■ **Work required**: From the line with "E a1 \<inter>" to the line with "(\<forall>\<theta>\<in>Sym A. \<forall>a1", retype every line exactly, including those two, and leave out the rest of the data below.

[Saved data entries]
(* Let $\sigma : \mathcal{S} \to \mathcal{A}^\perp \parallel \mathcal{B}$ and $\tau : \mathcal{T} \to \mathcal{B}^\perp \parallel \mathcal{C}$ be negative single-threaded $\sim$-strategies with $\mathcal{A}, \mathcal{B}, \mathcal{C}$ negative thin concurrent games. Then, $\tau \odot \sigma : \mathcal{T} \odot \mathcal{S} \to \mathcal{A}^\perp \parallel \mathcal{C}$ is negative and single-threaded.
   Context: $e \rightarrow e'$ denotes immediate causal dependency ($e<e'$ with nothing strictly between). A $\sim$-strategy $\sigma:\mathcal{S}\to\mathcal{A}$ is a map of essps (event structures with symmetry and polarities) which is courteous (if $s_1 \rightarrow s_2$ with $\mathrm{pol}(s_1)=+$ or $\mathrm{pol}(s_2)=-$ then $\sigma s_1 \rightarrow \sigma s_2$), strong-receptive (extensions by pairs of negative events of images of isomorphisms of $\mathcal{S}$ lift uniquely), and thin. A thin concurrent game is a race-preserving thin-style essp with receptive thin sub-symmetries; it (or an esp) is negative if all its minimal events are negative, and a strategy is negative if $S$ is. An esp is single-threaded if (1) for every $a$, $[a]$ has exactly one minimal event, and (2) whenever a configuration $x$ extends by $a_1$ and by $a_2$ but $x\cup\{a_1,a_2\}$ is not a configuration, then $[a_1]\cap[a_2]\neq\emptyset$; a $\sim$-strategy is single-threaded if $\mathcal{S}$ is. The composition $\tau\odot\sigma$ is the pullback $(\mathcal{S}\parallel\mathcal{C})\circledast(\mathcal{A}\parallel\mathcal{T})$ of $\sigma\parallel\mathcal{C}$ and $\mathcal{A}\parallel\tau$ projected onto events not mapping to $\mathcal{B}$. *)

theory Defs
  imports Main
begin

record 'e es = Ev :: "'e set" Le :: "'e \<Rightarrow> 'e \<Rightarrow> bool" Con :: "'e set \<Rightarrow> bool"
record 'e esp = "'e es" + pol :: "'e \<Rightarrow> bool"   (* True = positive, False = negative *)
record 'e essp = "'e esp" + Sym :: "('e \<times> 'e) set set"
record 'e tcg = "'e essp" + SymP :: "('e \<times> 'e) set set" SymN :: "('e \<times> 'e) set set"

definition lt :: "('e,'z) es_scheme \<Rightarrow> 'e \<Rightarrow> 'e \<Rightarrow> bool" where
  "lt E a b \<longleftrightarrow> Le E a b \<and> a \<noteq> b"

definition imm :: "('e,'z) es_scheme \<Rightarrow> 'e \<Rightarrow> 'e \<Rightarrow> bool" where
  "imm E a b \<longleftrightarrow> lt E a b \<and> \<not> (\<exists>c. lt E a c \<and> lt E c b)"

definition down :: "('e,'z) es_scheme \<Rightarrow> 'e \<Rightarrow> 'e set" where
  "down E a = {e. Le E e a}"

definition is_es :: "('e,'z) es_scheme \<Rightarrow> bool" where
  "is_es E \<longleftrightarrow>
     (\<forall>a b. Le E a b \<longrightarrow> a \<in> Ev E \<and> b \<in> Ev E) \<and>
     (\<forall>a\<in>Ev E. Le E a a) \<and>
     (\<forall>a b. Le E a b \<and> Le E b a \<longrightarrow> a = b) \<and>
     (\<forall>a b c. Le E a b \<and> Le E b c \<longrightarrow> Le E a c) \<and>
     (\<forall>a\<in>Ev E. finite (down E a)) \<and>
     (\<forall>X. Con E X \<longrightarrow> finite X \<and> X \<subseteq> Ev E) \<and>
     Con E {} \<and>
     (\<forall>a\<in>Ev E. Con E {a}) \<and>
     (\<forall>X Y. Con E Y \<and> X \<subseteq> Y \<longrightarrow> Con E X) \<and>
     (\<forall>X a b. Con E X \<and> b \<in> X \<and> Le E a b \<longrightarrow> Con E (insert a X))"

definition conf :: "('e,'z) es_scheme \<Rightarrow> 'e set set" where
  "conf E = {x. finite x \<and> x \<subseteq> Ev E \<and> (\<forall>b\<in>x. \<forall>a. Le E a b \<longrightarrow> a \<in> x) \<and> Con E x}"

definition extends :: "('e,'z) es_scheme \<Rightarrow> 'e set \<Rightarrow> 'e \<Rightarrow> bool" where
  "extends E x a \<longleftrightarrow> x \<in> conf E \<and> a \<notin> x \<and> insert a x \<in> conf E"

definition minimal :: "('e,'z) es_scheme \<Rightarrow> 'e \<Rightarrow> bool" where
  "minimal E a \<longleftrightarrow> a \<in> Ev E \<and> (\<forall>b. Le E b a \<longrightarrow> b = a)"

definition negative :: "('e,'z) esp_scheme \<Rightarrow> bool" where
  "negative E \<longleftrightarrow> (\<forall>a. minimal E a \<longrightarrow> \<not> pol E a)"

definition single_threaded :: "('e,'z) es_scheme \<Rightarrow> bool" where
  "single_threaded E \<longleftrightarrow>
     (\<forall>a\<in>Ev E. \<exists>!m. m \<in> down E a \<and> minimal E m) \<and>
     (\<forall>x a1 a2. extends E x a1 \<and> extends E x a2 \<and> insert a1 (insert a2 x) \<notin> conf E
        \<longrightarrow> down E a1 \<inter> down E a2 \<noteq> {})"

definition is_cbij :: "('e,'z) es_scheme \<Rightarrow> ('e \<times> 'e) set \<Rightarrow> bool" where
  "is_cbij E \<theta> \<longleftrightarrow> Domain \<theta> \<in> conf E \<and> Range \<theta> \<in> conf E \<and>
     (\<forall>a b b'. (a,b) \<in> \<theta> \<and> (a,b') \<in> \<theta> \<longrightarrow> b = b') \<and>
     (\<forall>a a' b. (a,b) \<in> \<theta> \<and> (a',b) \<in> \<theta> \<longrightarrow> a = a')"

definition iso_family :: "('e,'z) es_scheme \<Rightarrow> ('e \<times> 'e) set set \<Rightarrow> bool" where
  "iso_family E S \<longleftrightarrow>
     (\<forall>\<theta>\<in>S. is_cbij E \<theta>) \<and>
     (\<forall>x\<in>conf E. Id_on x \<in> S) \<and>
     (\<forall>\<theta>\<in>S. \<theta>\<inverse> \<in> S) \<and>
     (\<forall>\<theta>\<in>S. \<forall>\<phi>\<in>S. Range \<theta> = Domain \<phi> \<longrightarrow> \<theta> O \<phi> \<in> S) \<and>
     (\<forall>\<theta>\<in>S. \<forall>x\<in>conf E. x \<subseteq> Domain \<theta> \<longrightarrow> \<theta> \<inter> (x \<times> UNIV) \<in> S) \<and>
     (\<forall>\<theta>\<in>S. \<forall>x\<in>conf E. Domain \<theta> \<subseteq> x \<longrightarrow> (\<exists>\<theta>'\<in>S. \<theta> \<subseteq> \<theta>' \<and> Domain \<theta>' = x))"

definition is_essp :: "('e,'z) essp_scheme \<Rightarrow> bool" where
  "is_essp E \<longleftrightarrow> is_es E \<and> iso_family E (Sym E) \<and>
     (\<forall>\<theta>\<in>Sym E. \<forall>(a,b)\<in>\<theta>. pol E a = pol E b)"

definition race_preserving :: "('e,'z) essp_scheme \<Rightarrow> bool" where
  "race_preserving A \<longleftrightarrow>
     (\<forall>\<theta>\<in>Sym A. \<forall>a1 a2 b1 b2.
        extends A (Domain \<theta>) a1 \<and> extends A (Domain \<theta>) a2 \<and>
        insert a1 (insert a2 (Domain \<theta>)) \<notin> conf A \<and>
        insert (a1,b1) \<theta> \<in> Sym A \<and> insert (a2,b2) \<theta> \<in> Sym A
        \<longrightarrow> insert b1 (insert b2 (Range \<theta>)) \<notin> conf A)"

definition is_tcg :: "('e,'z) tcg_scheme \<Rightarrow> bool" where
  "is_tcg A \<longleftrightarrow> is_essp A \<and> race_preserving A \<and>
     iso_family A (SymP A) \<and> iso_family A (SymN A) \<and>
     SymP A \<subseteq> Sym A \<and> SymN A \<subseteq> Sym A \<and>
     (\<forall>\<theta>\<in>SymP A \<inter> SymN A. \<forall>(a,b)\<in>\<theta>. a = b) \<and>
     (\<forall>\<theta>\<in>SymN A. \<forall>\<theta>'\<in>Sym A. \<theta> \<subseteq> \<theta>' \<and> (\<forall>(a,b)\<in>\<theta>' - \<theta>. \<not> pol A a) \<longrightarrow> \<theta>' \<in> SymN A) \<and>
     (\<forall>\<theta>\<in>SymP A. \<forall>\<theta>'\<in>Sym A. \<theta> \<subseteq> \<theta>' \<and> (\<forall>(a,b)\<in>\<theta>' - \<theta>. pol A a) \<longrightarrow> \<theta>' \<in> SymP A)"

■ **Solution for this problem**:
        \<longrightarrow> down E a1 \<inter> down E a2 \<noteq> {})"

definition is_cbij :: "('e,'z) es_scheme \<Rightarrow> ('e \<times> 'e) set \<Rightarrow> bool" where
  "is_cbij E \<theta> \<longleftrightarrow> Domain \<theta> \<in> conf E \<and> Range \<theta> \<in> conf E \<and>
     (\<forall>a b b'. (a,b) \<in> \<theta> \<and> (a,b') \<in> \<theta> \<longrightarrow> b = b') \<and>
     (\<forall>a a' b. (a,b) \<in> \<theta> \<and> (a',b) \<in> \<theta> \<longrightarrow> a = a')"

definition iso_family :: "('e,'z) es_scheme \<Rightarrow> ('e \<times> 'e) set set \<Rightarrow> bool" where
  "iso_family E S \<longleftrightarrow>
     (\<forall>\<theta>\<in>S. is_cbij E \<theta>) \<and>
     (\<forall>x\<in>conf E. Id_on x \<in> S) \<and>
     (\<forall>\<theta>\<in>S. \<theta>\<inverse> \<in> S) \<and>
     (\<forall>\<theta>\<in>S. \<forall>\<phi>\<in>S. Range \<theta> = Domain \<phi> \<longrightarrow> \<theta> O \<phi> \<in> S) \<and>
     (\<forall>\<theta>\<in>S. \<forall>x\<in>conf E. x \<subseteq> Domain \<theta> \<longrightarrow> \<theta> \<inter> (x \<times> UNIV) \<in> S) \<and>
     (\<forall>\<theta>\<in>S. \<forall>x\<in>conf E. Domain \<theta> \<subseteq> x \<longrightarrow> (\<exists>\<theta>'\<in>S. \<theta> \<subseteq> \<theta>' \<and> Domain \<theta>' = x))"

definition is_essp :: "('e,'z) essp_scheme \<Rightarrow> bool" where
  "is_essp E \<longleftrightarrow> is_es E \<and> iso_family E (Sym E) \<and>
     (\<forall>\<theta>\<in>Sym E. \<forall>(a,b)\<in>\<theta>. pol E a = pol E b)"

definition race_preserving :: "('e,'z) essp_scheme \<Rightarrow> bool" where
  "race_preserving A \<longleftrightarrow>
     (\<forall>\<theta>\<in>Sym A. \<forall>a1 a2 b1 b2.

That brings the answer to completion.